Vogel watched Emily making her notes.

He resumed. From the smoothness of his telling, Emily realized that he had recounted the same story many times and was comfortable with it.

"In that underground bunker there was no day or night," said Vogel. "Hitler usually worked through the night and slept all morning. Before the wedding he called in his favorite secretary, Traudl Junge, and dictated two wills to her—a short testament in which he explained why he was marrying Eva Braun, and a longer political testament explaining the same nonsense about how the war had been forced on him by international Jewry. He waited up until Frau Junge had typed his three-page personal testament, and his ten-page political one, then he signed them and had his signatures witnessed, and then he was ready for sleep. But you know all that, don't you, Fräulein
 
Ashcroft?"

"Most of it. What came next is what is most important to me. I hope you will omit nothing, Herr Vogel."

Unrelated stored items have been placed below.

(* Suppose $\psi_1(u)\le\psi_1(u')\exp(C_3|u-u'|)$ for all $u,u'\in\mathbb R$ (with $C_3\ge0$) and $\max_{0\le j\le q}|g_j(\bm X)|\le C_4$ a.s. Then for any $\alpha,\tilde\alpha\in\mathbb R^{q+1}$, with $b=\alpha-\tilde\alpha$ and $C_{40}=C_3C_4$, $$D^\dagger_{\rm WL}(\alpha^\top\bm G,\tilde\alpha^\top\bm G;\bar\gamma)\ge\{b^\top\tilde{\bm\Sigma}_\alpha(\tilde\alpha)b\}\frac{1-\exp(-C_{40}\|b\|_1)}{C_{40}\|b\|_1},$$ where $\tilde{\bm\Sigma}_\alpha(\tilde\alpha)=\tilde{\mathbb E}[Rw(\bm X;\bar\gamma)\psi_1(\tilde\alpha^\top\bm G)\bm G\bm G^\top]$, and $\{1-\exp(-c)\}/c$ is interpreted as $1$ when $c=0$.
   Context: $\tilde{\mathbb E}$ is the sample mean over observations $(\bm X_i,Y_i,R_i)$ with $R_i\in\{0,1\}$. $\bm F$ and $\bm G=(g_0,\dots,g_q)^\top$ are vectors of functions of $\bm X$. $w(\bm X;\gamma)=\exp(-\gamma^\top\bm F)$, and $\bar\gamma$ is a fixed vector. $\psi$ is an increasing differentiable inverse link with derivative $\psi_1$. $D^\dagger_{\rm WL}(h,h';\gamma)=\tilde{\mathbb E}[Rw(\bm X;\gamma)\{\psi(h)-\psi(h')\}(h-h')]$. *)

theory Defs
  imports "HOL-Analysis.Analysis"
begin

definition smean :: "nat \<Rightarrow> (nat \<Rightarrow> real) \<Rightarrow> real" where
  "smean n f = (\<Sum>i<n. f i) / real n"

definition wgt :: "('x \<Rightarrow> real^'p) \<Rightarrow> 'x \<Rightarrow> real^'p \<Rightarrow> real" where
  "wgt F x \<gamma> = exp (- (\<gamma> \<bullet> F x))"

definition D_WL :: "nat \<Rightarrow> (nat \<Rightarrow> 'x) \<Rightarrow> (nat \<Rightarrow> real) \<Rightarrow> ('x \<Rightarrow> real^'p)
    \<Rightarrow> (real \<Rightarrow> real) \<Rightarrow> ('x \<Rightarrow> real) \<Rightarrow> ('x \<Rightarrow> real) \<Rightarrow> real^'p \<Rightarrow> real" where
  "D_WL n X R F \<psi> h h' \<gamma> =
     smean n (\<lambda>i. R i * wgt F (X i) \<gamma> * (\<psi> (h (X i)) - \<psi> (h' (X i))) * (h (X i) - h' (X i)))"

definition Sigma_tilde :: "nat \<Rightarrow> (nat \<Rightarrow> 'x) \<Rightarrow> (nat \<Rightarrow> real) \<Rightarrow> ('x \<Rightarrow> real^'p)
    \<Rightarrow> real^'p \<Rightarrow> (real \<Rightarrow> real) \<Rightarrow> ('x \<Rightarrow> real^'q) \<Rightarrow> real^'q \<Rightarrow> real^'q^'q" where
  "Sigma_tilde n X R F \<gamma> \<psi>1 G a =
     (\<chi> j k. smean n (\<lambda>i. R i * wgt F (X i) \<gamma> * \<psi>1 (a \<bullet> G (X i)) * (G (X i) $ j) * (G (X i) $ k)))"

definition l1norm :: "real^'q \<Rightarrow> real" where
  "l1norm b = (\<Sum>j\<in>UNIV. \<bar>b $ j\<bar>)"

definition expfrac :: "real \<Rightarrow> real" where
  "expfrac c = (if c = 0 then 1 else (1 - exp (- c)) / c)"

end

theory Submission
  imports Defs
begin

text \<open>The condition on \<open>\<psi>1\<close> bounds its decay along an interval of length \<open>s\<close> by
  \<open>exp (- C3 * s)\<close>; integrating this bound gives
  \<open>\<psi> (v + d) - \<psi> v \<ge> \<psi>1 v * d * expfrac (C3 * \<bar>d\<bar>)\<close> for the linear predictors
  \<open>v = \<alpha>t \<bullet> G\<close>, \<open>d = b \<bullet> G\<close>. As \<open>\<bar>b \<bullet> G\<bar> \<le> C4 * \<parallel>b\<parallel>\<^sub>1\<close> and \<open>expfrac\<close> is
  antitone, multiplying by \<open>d\<close> and averaging yields the quadratic form of
  \<open>Sigma_tilde\<close> times \<open>expfrac (C3 * C4 * \<parallel>b\<parallel>\<^sub>1)\<close>.\<close>

text \<open>\<open>exp_decay_integral C s\<close> is \<open>\<integral>\<^sub>0\<^sup>s exp (- C * t) dt\<close>.\<close>
definition exp_decay_integral :: "real \<Rightarrow> real \<Rightarrow> real" where
  "exp_decay_integral C s = (if C = 0 then s else (1 - exp (- C * s)) / C)"

lemma has_real_derivative_exp_decay_integral:
  "(exp_decay_integral C has_real_derivative exp (- C * s)) (at s)"
proof (cases "C = 0")
  case True
  then show ?thesis by (simp add: exp_decay_integral_def[abs_def])
next
  case False
  then have "((\<lambda>s. (1 - exp (- C * s)) / C) has_real_derivative exp (- C * s)) (at s)"
    by (auto intro!: derivative_eq_intros)
  with False show ?thesis by (simp add: exp_decay_integral_def[abs_def])
qed

lemma exp_decay_integral_0 [simp]: "exp_decay_integral C 0 = 0"
  by (simp add: exp_decay_integral_def)

lemma mult_expfrac_eq_exp_decay_integral: "s * expfrac (C * s) = exp_decay_integral C s"
  by (auto simp: expfrac_def exp_decay_integral_def field_simps)

lemma expfrac_antimono:
  assumes "0 \<le> a" "a \<le> b"
  shows "expfrac b \<le> expfrac a"
proof (cases "a = 0")
  case True
  have "1 - exp (- b) \<le> b" using exp_ge_add_one_self[of "- b"] by simp
  then show ?thesis using True assms by (auto simp: expfrac_def)
next
  case False
  let ?f = "\<lambda>c. (1 - exp (- c)) / c"
  have "?f b \<le> ?f a"
  proof (rule deriv_nonpos_imp_antimono[where g = ?f and g' = "\<lambda>c. (exp (- c) * (c + 1) - 1) / c\<^sup>2"])
    fix x assume "x \<in> {a..b}"
    with False assms have x: "x > 0" by simp
    then show "(?f has_real_derivative (exp (- x) * (x + 1) - 1) / x\<^sup>2) (at x)"
      by (auto intro!: derivative_eq_intros simp: field_simps power2_eq_square)
    have "exp (- x) * (x + 1) \<le> exp (- x) * exp x"
      using exp_ge_add_one_self[of x] by (simp add: add.commute)
    then show "(exp (- x) * (x + 1) - 1) / x\<^sup>2 \<le> 0"
      by (simp add: divide_nonpos_nonneg flip: exp_add)
  qed (use assms in auto)
  then show ?thesis using False assms by (simp add: expfrac_def)
qed

lemma increment_ge_expfrac:
  fixes \<psi> \<psi>1 :: "real \<Rightarrow> real"
  assumes deriv: "\<And>u. (\<psi> has_real_derivative \<psi>1 u) (at u)"
    and decay: "\<And>u u'. \<psi>1 u \<le> \<psi>1 u' * exp (C * \<bar>u - u'\<bar>)"
    and "d \<ge> 0"
  shows "\<psi>1 v * (d * expfrac (C * d)) \<le> \<psi> (v + d) - \<psi> v"
proof -
  have shifted: "((\<lambda>s. \<psi> (v + s)) has_real_derivative \<psi>1 (v + s)) (at s)" for s
    using DERIV_shift[of \<psi> "\<psi>1 (s + v)" s v] deriv by (simp add: add.commute)
  let ?h = "\<lambda>s. \<psi> (v + s) - \<psi>1 v * exp_decay_integral C s"
  have "?h 0 \<le> ?h d"
  proof (rule deriv_nonneg_imp_mono[where g = ?h and g' = "\<lambda>s. \<psi>1 (v + s) - \<psi>1 v * exp (- C * s)"])
    fix s assume s: "s \<in> {0..d}"
    show "(?h has_real_derivative \<psi>1 (v + s) - \<psi>1 v * exp (- C * s)) (at s)"
      using shifted has_real_derivative_exp_decay_integral
      by (auto intro!: derivative_eq_intros)
    have "\<psi>1 v * exp (- C * s) \<le> \<psi>1 (v + s) * exp (C * s) * exp (- C * s)"
      using decay[of v "v + s"] s by (simp add: mult_right_mono)
    then show "0 \<le> \<psi>1 (v + s) - \<psi>1 v * exp (- C * s)"
      by (simp add: mult.assoc flip: exp_add)
  qed (use \<open>d \<ge> 0\<close> in auto)
  then show ?thesis
    by (simp add: mult_expfrac_eq_exp_decay_integral)
qed

lemma increment_times_step_ge_expfrac:
  fixes \<psi> \<psi>1 :: "real \<Rightarrow> real"
  assumes deriv: "\<And>u. (\<psi> has_real_derivative \<psi>1 u) (at u)"
    and decay: "\<And>u u'. \<psi>1 u \<le> \<psi>1 u' * exp (C * \<bar>u - u'\<bar>)"
  shows "\<psi>1 v * d\<^sup>2 * expfrac (C * \<bar>d\<bar>) \<le> (\<psi> (v + d) - \<psi> v) * d"
proof (cases "d \<ge> 0")
  case True
  from mult_right_mono[OF increment_ge_expfrac[OF deriv decay True, of v] True] True
  show ?thesis by (simp add: power2_eq_square algebra_simps)
next
  case False
  txt \<open>Reflect: \<open>u \<mapsto> - \<psi> (- u)\<close> satisfies the same hypotheses with derivative \<open>\<psi>1 (- u)\<close>.\<close>
  have "((\<lambda>u. - \<psi> (- u)) has_real_derivative \<psi>1 (- u)) (at u)" for u
    using DERIV_minus[OF iffD1[OF DERIV_mirror deriv[of "- u"]]] by simp
  moreover have "\<psi>1 (- u) \<le> \<psi>1 (- u') * exp (C * \<bar>u - u'\<bar>)" for u u'
    using decay[of "- u" "- u'"] by (simp add: abs_minus_commute)
  ultimately have "\<psi>1 v * (- d * expfrac (C * - d)) \<le> \<psi> v - \<psi> (v + d)"
    using increment_ge_expfrac[of "\<lambda>u. - \<psi> (- u)" "\<lambda>u. \<psi>1 (- u)" C "- d" "- v"] False
    by (simp add: add.commute)
  from mult_right_mono[OF this, of "- d"] False
  show ?thesis by (simp add: power2_eq_square algebra_simps)
qed

lemma increment_times_step_ge_expfrac_bound:
  fixes \<psi> \<psi>1 :: "real \<Rightarrow> real"
  assumes deriv: "\<And>u. (\<psi> has_real_derivative \<psi>1 u) (at u)"
    and decay: "\<And>u u'. \<psi>1 u \<le> \<psi>1 u' * exp (C * \<bar>u - u'\<bar>)"
    and "C \<ge> 0" "\<psi>1 v \<ge> 0" "\<bar>d\<bar> \<le> D"
  shows "\<psi>1 v * d\<^sup>2 * expfrac (C * D) \<le> (\<psi> (v + d) - \<psi> v) * d"
proof -
  have "expfrac (C * D) \<le> expfrac (C * \<bar>d\<bar>)"
    using assms(3,5) by (intro expfrac_antimono mult_left_mono) auto
  then have "\<psi>1 v * d\<^sup>2 * expfrac (C * D) \<le> \<psi>1 v * d\<^sup>2 * expfrac (C * \<bar>d\<bar>)"
    using assms(4) by (intro mult_left_mono) auto
  also have "\<dots> \<le> (\<psi> (v + d) - \<psi> v) * d"
    using deriv decay by (rule increment_times_step_ge_expfrac)
  finally show ?thesis .
qed

lemma abs_inner_le_l1norm:
  assumes "\<And>j. \<bar>g $ j\<bar> \<le> C"
  shows "\<bar>b \<bullet> g\<bar> \<le> C * l1norm b"
proof -
  have "\<bar>b \<bullet> g\<bar> \<le> (\<Sum>j\<in>UNIV. \<bar>b $ j * g $ j\<bar>)"
    unfolding inner_vec_def inner_real_def by (rule sum_abs)
  also have "\<dots> \<le> (\<Sum>j\<in>UNIV. \<bar>b $ j\<bar> * C)"
    by (intro sum_mono) (simp add: abs_mult mult_left_mono assms)
  finally show ?thesis by (simp add: l1norm_def sum_distrib_left mult.commute)
qed

lemma inner_Sigma_tilde_mult:
  fixes b :: "real^'q"
  shows "b \<bullet> (Sigma_tilde n X R F \<gamma> \<psi>1 G a *v b)
    = smean n (\<lambda>i. R i * wgt F (X i) \<gamma> * \<psi>1 (a \<bullet> G (X i)) * (b \<bullet> G (X i))\<^sup>2)"
proof -
  define c where "c i = R i * wgt F (X i) \<gamma> * \<psi>1 (a \<bullet> G (X i))" for i
  have square: "(b \<bullet> g)\<^sup>2 = (\<Sum>j\<in>UNIV. \<Sum>k\<in>UNIV. b $ j * g $ j * (b $ k * g $ k))" for g :: "real^'q"
    by (simp add: inner_vec_def power2_eq_square sum_product)
  show ?thesis
    unfolding Sigma_tilde_def smean_def c_def[symmetric] square
    by (simp add: inner_vec_def matrix_vector_mult_def sum_divide_distrib sum_distrib_left
        sum_distrib_right sum.swap[of _ "{..<n}"] algebra_simps)
qed

lemma smean_mono: "(\<And>i. i < n \<Longrightarrow> f i \<le> g i) \<Longrightarrow> smean n f \<le> smean n g"
  unfolding smean_def by (intro divide_right_mono sum_mono) auto

lemma smean_mult_right: "smean n (\<lambda>i. f i * c) = smean n f * c"
  unfolding smean_def by (simp add: sum_distrib_right)

theorem lemmaS16:
  fixes n :: nat and X :: "nat \<Rightarrow> 'x" and R :: "nat \<Rightarrow> real"
    and F :: "'x \<Rightarrow> real^'p" and \<gamma>bar :: "real^'p"
    and G :: "'x \<Rightarrow> real^'q"
    and \<psi> \<psi>1 :: "real \<Rightarrow> real" and C3 C4 :: real
    and \<alpha> \<alpha>t :: "real^'q"
  assumes R01: "\<forall>i<n. R i \<in> {0, 1}"
    and psi_mono: "mono \<psi>"
    and psi_deriv: "\<forall>u. (\<psi> has_real_derivative \<psi>1 u) (at u)"
    and C3_nonneg: "C3 \<ge> 0"
    and psi1_bound: "\<forall>u u'. \<psi>1 u \<le> \<psi>1 u' * exp (C3 * \<bar>u - u'\<bar>)"
    and G_bound: "\<forall>i<n. \<forall>j. \<bar>G (X i) $ j\<bar> \<le> C4"
  shows "D_WL n X R F \<psi> (\<lambda>x. \<alpha> \<bullet> G x) (\<lambda>x. \<alpha>t \<bullet> G x) \<gamma>bar
         \<ge> ((\<alpha> - \<alpha>t) \<bullet> (Sigma_tilde n X R F \<gamma>bar \<psi>1 G \<alpha>t *v (\<alpha> - \<alpha>t)))
           * expfrac (C3 * C4 * l1norm (\<alpha> - \<alpha>t))"
proof -
  define b where "b = \<alpha> - \<alpha>t"
  have psi1_nonneg: "\<psi>1 u \<ge> 0" for u
    by (rule mono_on_imp_deriv_nonneg[of UNIV \<psi>]) (use psi_mono psi_deriv in auto)
  have "R i * wgt F (X i) \<gamma>bar * \<psi>1 (\<alpha>t \<bullet> G (X i)) * (b \<bullet> G (X i))\<^sup>2
          * expfrac (C3 * (C4 * l1norm b))
      \<le> R i * wgt F (X i) \<gamma>bar * (\<psi> (\<alpha> \<bullet> G (X i)) - \<psi> (\<alpha>t \<bullet> G (X i)))
          * (\<alpha> \<bullet> G (X i) - \<alpha>t \<bullet> G (X i))" if i: "i < n" for i
  proof -
    have "\<bar>b \<bullet> G (X i)\<bar> \<le> C4 * l1norm b"
      using G_bound i by (intro abs_inner_le_l1norm) auto
    then have step: "\<psi>1 (\<alpha>t \<bullet> G (X i)) * (b \<bullet> G (X i))\<^sup>2 * expfrac (C3 * (C4 * l1norm b))
        \<le> (\<psi> (\<alpha>t \<bullet> G (X i) + b \<bullet> G (X i)) - \<psi> (\<alpha>t \<bullet> G (X i))) * (b \<bullet> G (X i))"
      using psi_deriv psi1_bound C3_nonneg psi1_nonneg
      by (intro increment_times_step_ge_expfrac_bound) auto
    have weight: "R i * wgt F (X i) \<gamma>bar \<ge> 0"
      using R01 i by (auto simp: wgt_def)
    have "\<alpha> \<bullet> G (X i) = \<alpha>t \<bullet> G (X i) + b \<bullet> G (X i)"
      unfolding b_def by (simp add: inner_diff_left)
    with mult_left_mono[OF step weight] show ?thesis by (simp add: mult.assoc)
  qed
  then have "smean n (\<lambda>i. R i * wgt F (X i) \<gamma>bar * \<psi>1 (\<alpha>t \<bullet> G (X i)) * (b \<bullet> G (X i))\<^sup>2
                 * expfrac (C3 * (C4 * l1norm b)))
      \<le> D_WL n X R F \<psi> (\<lambda>x. \<alpha> \<bullet> G x) (\<lambda>x. \<alpha>t \<bullet> G x) \<gamma>bar"
    unfolding D_WL_def by (rule smean_mono)
  then show ?thesis
    unfolding b_def[symmetric] mult.assoc[of C3] inner_Sigma_tilde_mult smean_mult_right .
qed

end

Vogel went back and forth in his rocking chair. "That morning, and between four-thirty and five-thirty A. M. on April 30, were the only times Hitler and Eva slept together as man and wife. At eleven in the morning on April 29, they were awake. By noon Hitler had held his last war conference, by rote, pointless. Next he sent off couriers with his testaments to get them out of Berlin. Then he began to get ready for death."

"Tell me how."

"He was worried about the efficiency of the potassium cyanide that Himmler had once given him. He wondered whether the capsules still had their potency and whether Himmler had given him the right ones. He wanted to be sure."

"That was when Hitler tried out a poison capsule on his dog."

"Ah, you know," said Vogel.

She could not tell if he was pleased with her knowledge or irked at being preempted. She decided not to show off her knowledge, but to let him tell as much as possible in his own words.